» What to produce
From the first line through the line containing "unity almost everywhere, because", transcribe the records exactly and include no other lines.

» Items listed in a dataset

text \<open>
  Along a bond lying in \<open>\<Omega>c\<close>, the characteristic functions of the simplices form a partition of
  unity almost everywhere, because the simplices cover \<open>\<Omega>c\<close> and overlap only in lower-dimensional
  faces. Away from the finitely many parameters where the bond crosses the boundary of a simplex,
  the directional derivative of \<open>y\<close> at a point of a simplex \<open>T\<close> is the constant \<open>\<nabla>\<^sub>r y|\<^sub>T\<close>, and
  at a point outside \<open>T\<close> the weight \<open>\<chi>\<^sub>T\<close> vanishes. Hence the integrand along each bond equals
  \<open>\<Sum>\<^sub>T \<chi>\<^sub>T \<phi>(\<nabla>\<^sub>r y|\<^sub>T)\<close> almost everywhere; integrating and exchanging the finite sums over bonds and
  simplices gives the weights \<open>\<Omega>\<^sub>T\<^sub>,\<^sub>r\<close>. That \<open>\<chi>\<^sub>T\<close> is well defined and integrable along lines
  comes from convexity: the density ratio of a convex set at one of its points is monotone in
  the radius, and for fixed radius it depends continuously on the centre.
\<close>

definition density_ratio :: "'a::euclidean_space set \<Rightarrow> 'a \<Rightarrow> real \<Rightarrow> real" where
  "density_ratio S z \<rho> = measure lebesgue (S \<inter> ball z \<rho>) / measure lebesgue (ball z \<rho>)"

lemma char_fun_eq_Lim_density_ratio: "char_fun T z = Lim (at_right 0) (density_ratio T z)"
  unfolding char_fun_def density_ratio_def[abs_def] by simp

lemma char_fun_eqI: "(density_ratio T z \<longlongrightarrow> L) (at_right 0) \<Longrightarrow> char_fun T z = L"
  unfolding char_fun_eq_Lim_density_ratio by (rule tendsto_Lim[OF trivial_limit_at_right_real])

lemma lmeasurable_Int_ball: "S \<in> sets lebesgue \<Longrightarrow> S \<inter> ball z \<rho> \<in> lmeasurable"
  by (metis Int_commute fmeasurable_Int_fmeasurable lmeasurable_ball)

lemma density_ratio_bounds:
  assumes "S \<in> sets lebesgue" "0 < \<rho>"
  shows "0 \<le> density_ratio S z \<rho>" "density_ratio S z \<rho> \<le> 1"
proof -
  have "measure lebesgue (S \<inter> ball z \<rho>) \<le> measure lebesgue (ball z \<rho>)"
    by (rule measure_mono_fmeasurable) (use lmeasurable_Int_ball[OF assms(1)] in auto)
  then show "0 \<le> density_ratio S z \<rho>" "density_ratio S z \<rho> \<le> 1"
    using content_ball_pos[OF assms(2), of z] by (auto simp: density_ratio_def)
qed

lemma measure_Int_ball_homothety:
  fixes S :: "'a::euclidean_space set"
  assumes "convex S" "S \<in> sets lebesgue" "z \<in> S" "0 < s" "s \<le> 1"
  shows "s ^ DIM('a) * measure lebesgue (S \<inter> ball z \<rho>) \<le> measure lebesgue (S \<inter> ball z (s * \<rho>))"
proof -
  let ?h = "\<lambda>w. s *\<^sub>R w + (1 - s) *\<^sub>R z"
  have into: "?h ` (S \<inter> ball z \<rho>) \<subseteq> S \<inter> ball z (s * \<rho>)"
  proof
    fix v assume "v \<in> ?h ` (S \<inter> ball z \<rho>)"
    then obtain w where w: "w \<in> S" "dist z w < \<rho>" and v: "v = ?h w" by auto
    have "v \<in> S" using assms(1,3-5) w(1) unfolding v convex_def by auto
    moreover have "z - v = s *\<^sub>R (z - w)" unfolding v by (simp add: algebra_simps)
    then have "dist z v = s * dist z w" using assms(4) by (simp add: dist_norm)
    ultimately show "v \<in> S \<inter> ball z (s * \<rho>)" using w assms(4) by auto
  qed
  have "ennreal (s ^ DIM('a) * measure lebesgue (S \<inter> ball z \<rho>))
        = emeasure lebesgue (?h ` (S \<inter> ball z \<rho>))"
    using emeasure_lebesgue_affine[of s "(1 - s) *\<^sub>R z" "S \<inter> ball z \<rho>"]
      lmeasurable_Int_ball[OF assms(2)] assms(4)
    by (simp add: emeasure_eq_measure2 ennreal_mult)
  also have "\<dots> \<le> emeasure lebesgue (S \<inter> ball z (s * \<rho>))"
    using into lmeasurable_Int_ball[OF assms(2)] by (intro emeasure_mono) auto
  also have "\<dots> = ennreal (measure lebesgue (S \<inter> ball z (s * \<rho>)))"
    using lmeasurable_Int_ball[OF assms(2)] by (simp add: emeasure_eq_measure2)
  finally show ?thesis by (simp add: ennreal_le_iff)
qed

lemma density_ratio_antimono:
  fixes S :: "'a::euclidean_space set"
  assumes "convex S" "S \<in> sets lebesgue" "z \<in> S" "0 < \<rho>'" "\<rho>' \<le> \<rho>"
  shows "density_ratio S z \<rho> \<le> density_ratio S z \<rho>'"
proof -
  define s where "s = \<rho>' / \<rho>"
  have s: "0 < s" "s \<le> 1" "\<rho>' = s * \<rho>" using assms(4,5) by (auto simp: s_def)
  have "measure lebesgue (ball z \<rho>') = s ^ DIM('a) * measure lebesgue (ball z \<rho>)"
    using content_ball_conv_unit_ball[of \<rho>' z] content_ball_conv_unit_ball[of \<rho> z] s assms(4,5)
    by (simp add: power_mult_distrib)
  then have "density_ratio S z \<rho> = s ^ DIM('a) * measure lebesgue (S \<inter> ball z \<rho>) / measure lebesgue (ball z \<rho>')"
    using s(1) by (simp add: density_ratio_def)
  also have "\<dots> \<le> density_ratio S z \<rho>'"
    unfolding density_ratio_def s(3)
    using measure_Int_ball_homothety[OF assms(1-3) s(1,2)] by (intro divide_right_mono) auto
  finally show ?thesis .
qed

» Solved exercise
text \<open>
  Along a bond lying in \<open>\<Omega>c\<close>, the characteristic functions of the simplices form a partition of
  unity almost everywhere, because the simplices cover \<open>\<Omega>c\<close> and overlap only in lower-dimensional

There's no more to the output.